Each suggestion stores the counters that triggered it as metric_snapshot JSONB:

approved_count — approvals in the window (the headline number).
rejected_count — rejections (always 0 at suggestion time).
auto_executed_count — recipes that ran without operator review because the server was already in live and trust × risk allowed it. Counted for context — does not factor into the threshold.
failed_count — post-run failures of the recipe in the window. Surfaced for operator awareness; does not block the suggestion.

The snapshot is frozen at scanner time, so the audit row reflects the exact metrics the operator saw when they accepted.

Out of scope¶

Tenant-configurable thresholds. Defaults are hard-coded today; per-tenant overrides are a future iteration.
Auto-promote. Promotion is operator-gated by design. The scanner never flips a server's mode on its own — it only materialises suggestions for a human to act on. This is the same principle as the trust × risk gate on live: the platform proposes, the operator decides.

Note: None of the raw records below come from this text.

text \<open>
  Hopf algebras over a field K, encoded without a tensor-product type.  An element of A (x) A is represented by a formal finite sum
  sum_i u_i (x) v_i, i.e. a list of pairs; two formal sums denote the same tensor iff
  every K-bilinear form A x A -> K takes the same value on them (over a field, A (x) A is
  separated by (A (x) A)^* = Bil(A x A, K)).  Similarly for A (x) A (x) A with trilinear
  forms.  The comultiplication is given as a function returning a formal sum
  Delta(a) = sum a_1 (x) a_2 (Sweedler notation).
\<close>

definition tsum :: "('a \<Rightarrow> 'b \<Rightarrow> 'c::ab_group_add) \<Rightarrow> ('a \<times> 'b) list \<Rightarrow> 'c" where
  "tsum f t = (\<Sum>(x, y)\<leftarrow>t. f x y)"

definition k_bilinear :: "('k::field \<Rightarrow> 'a::ab_group_add \<Rightarrow> 'a) \<Rightarrow> ('a \<Rightarrow> 'a \<Rightarrow> 'k) \<Rightarrow> bool" where
  "k_bilinear scale f \<longleftrightarrow>
     (\<forall>x. Vector_Spaces.linear scale (*) (f x)) \<and>
     (\<forall>y. Vector_Spaces.linear scale (*) (\<lambda>x. f x y))"

definition k_trilinear :: "('k::field \<Rightarrow> 'a::ab_group_add \<Rightarrow> 'a) \<Rightarrow> ('a \<Rightarrow> 'a \<Rightarrow> 'a \<Rightarrow> 'k) \<Rightarrow> bool" where
  "k_trilinear scale g \<longleftrightarrow>
     (\<forall>x y. Vector_Spaces.linear scale (*) (g x y)) \<and>
     (\<forall>x z. Vector_Spaces.linear scale (*) (\<lambda>y. g x y z)) \<and>
     (\<forall>y z. Vector_Spaces.linear scale (*) (\<lambda>x. g x y z))"

definition teq :: "('k::field \<Rightarrow> 'a::ab_group_add \<Rightarrow> 'a) \<Rightarrow> ('a \<times> 'a) list \<Rightarrow> ('a \<times> 'a) list \<Rightarrow> bool" where
  "teq scale s t \<longleftrightarrow> (\<forall>f. k_bilinear scale f \<longrightarrow> tsum f s = tsum f t)"

definition k_algebra :: "('k::field \<Rightarrow> 'a::ring_1 \<Rightarrow> 'a) \<Rightarrow> bool" where
  "k_algebra scale \<longleftrightarrow> vector_space scale \<and>
     (\<forall>c x y. scale c (x * y) = scale c x * y \<and> scale c (x * y) = x * scale c y)"

definition hopf_algebra ::
  "('k::field \<Rightarrow> 'a::ring_1 \<Rightarrow> 'a) \<Rightarrow> ('a \<Rightarrow> ('a \<times> 'a) list) \<Rightarrow> ('a \<Rightarrow> 'k) \<Rightarrow> ('a \<Rightarrow> 'a) \<Rightarrow> bool" where
  "hopf_algebra scale \<Delta> \<epsilon> S \<longleftrightarrow>
     k_algebra scale \<and>
     \<comment> \<open>Delta and epsilon are linear\<close>
     (\<forall>x y. teq scale (\<Delta> (x + y)) (\<Delta> x @ \<Delta> y)) \<and>
     (\<forall>c x. teq scale (\<Delta> (scale c x)) (map (\<lambda>(u, v). (scale c u, v)) (\<Delta> x))) \<and>
     Vector_Spaces.linear scale (*) \<epsilon> \<and>
     \<comment> \<open>coassociativity\<close>
     (\<forall>x g. k_trilinear scale g \<longrightarrow>
        tsum (\<lambda>u v. tsum (\<lambda>p q. g p q v) (\<Delta> u)) (\<Delta> x) =
        tsum (\<lambda>u v. tsum (\<lambda>p q. g u p q) (\<Delta> v)) (\<Delta> x)) \<and>
     \<comment> \<open>counit\<close>
     (\<forall>x. tsum (\<lambda>u v. scale (\<epsilon> u) v) (\<Delta> x) = x \<and> tsum (\<lambda>u v. scale (\<epsilon> v) u) (\<Delta> x) = x) \<and>
     \<comment> \<open>Delta and epsilon are unital algebra maps\<close>
     (\<forall>x y. teq scale (\<Delta> (x * y))
        (concat (map (\<lambda>(u, v). map (\<lambda>(p, q). (u * p, v * q)) (\<Delta> y)) (\<Delta> x)))) \<and>
     teq scale (\<Delta> 1) [(1, 1)] \<and>
     (\<forall>x y. \<epsilon> (x * y) = \<epsilon> x * \<epsilon> y) \<and> \<epsilon> 1 = 1 \<and>
     \<comment> \<open>antipode\<close>
     Vector_Spaces.linear scale scale S \<and>
     (\<forall>x. tsum (\<lambda>u v. u * S v) (\<Delta> x) = scale (\<epsilon> x) 1 \<and>
          tsum (\<lambda>u v. S u * v) (\<Delta> x) = scale (\<epsilon> x) 1)"

definition cocommutative :: "('k::field \<Rightarrow> 'a::ring_1 \<Rightarrow> 'a) \<Rightarrow> ('a \<Rightarrow> ('a \<times> 'a) list) \<Rightarrow> bool" where
  "cocommutative scale \<Delta> \<longleftrightarrow> (\<forall>x. teq scale (\<Delta> x) (map prod.swap (\<Delta> x)))"

definition subalgebra :: "('k::field \<Rightarrow> 'a::ring_1 \<Rightarrow> 'a) \<Rightarrow> 'a set \<Rightarrow> bool" where
  "subalgebra scale B \<longleftrightarrow> 1 \<in> B \<and> (\<forall>x\<in>B. \<forall>y\<in>B. x + y \<in> B \<and> x * y \<in> B) \<and>
     (\<forall>c. \<forall>x\<in>B. scale c x \<in> B)"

docs/dashboard/servers.md — the Settings tab where the dropdown lives.
backend/src/openremedy/enums.py — ServerMode enum.
backend/src/openremedy/swarm/guardrails.py — should_request_approval early branches.
backend/src/openremedy/swarm/manager.py — stages_for_mode and the audit close.
backend/src/openremedy/services/server.py — set_mode helper, single source of truth for mode flips and audit emission.
backend/src/openremedy/services/promotion.py — promotion candidate query + materialisation.
backend/src/openremedy/proactive/promotion_scanner.py — the hourly scanner loop.
backend/src/openremedy/api/promotion.py — list/accept/dismiss endpoints.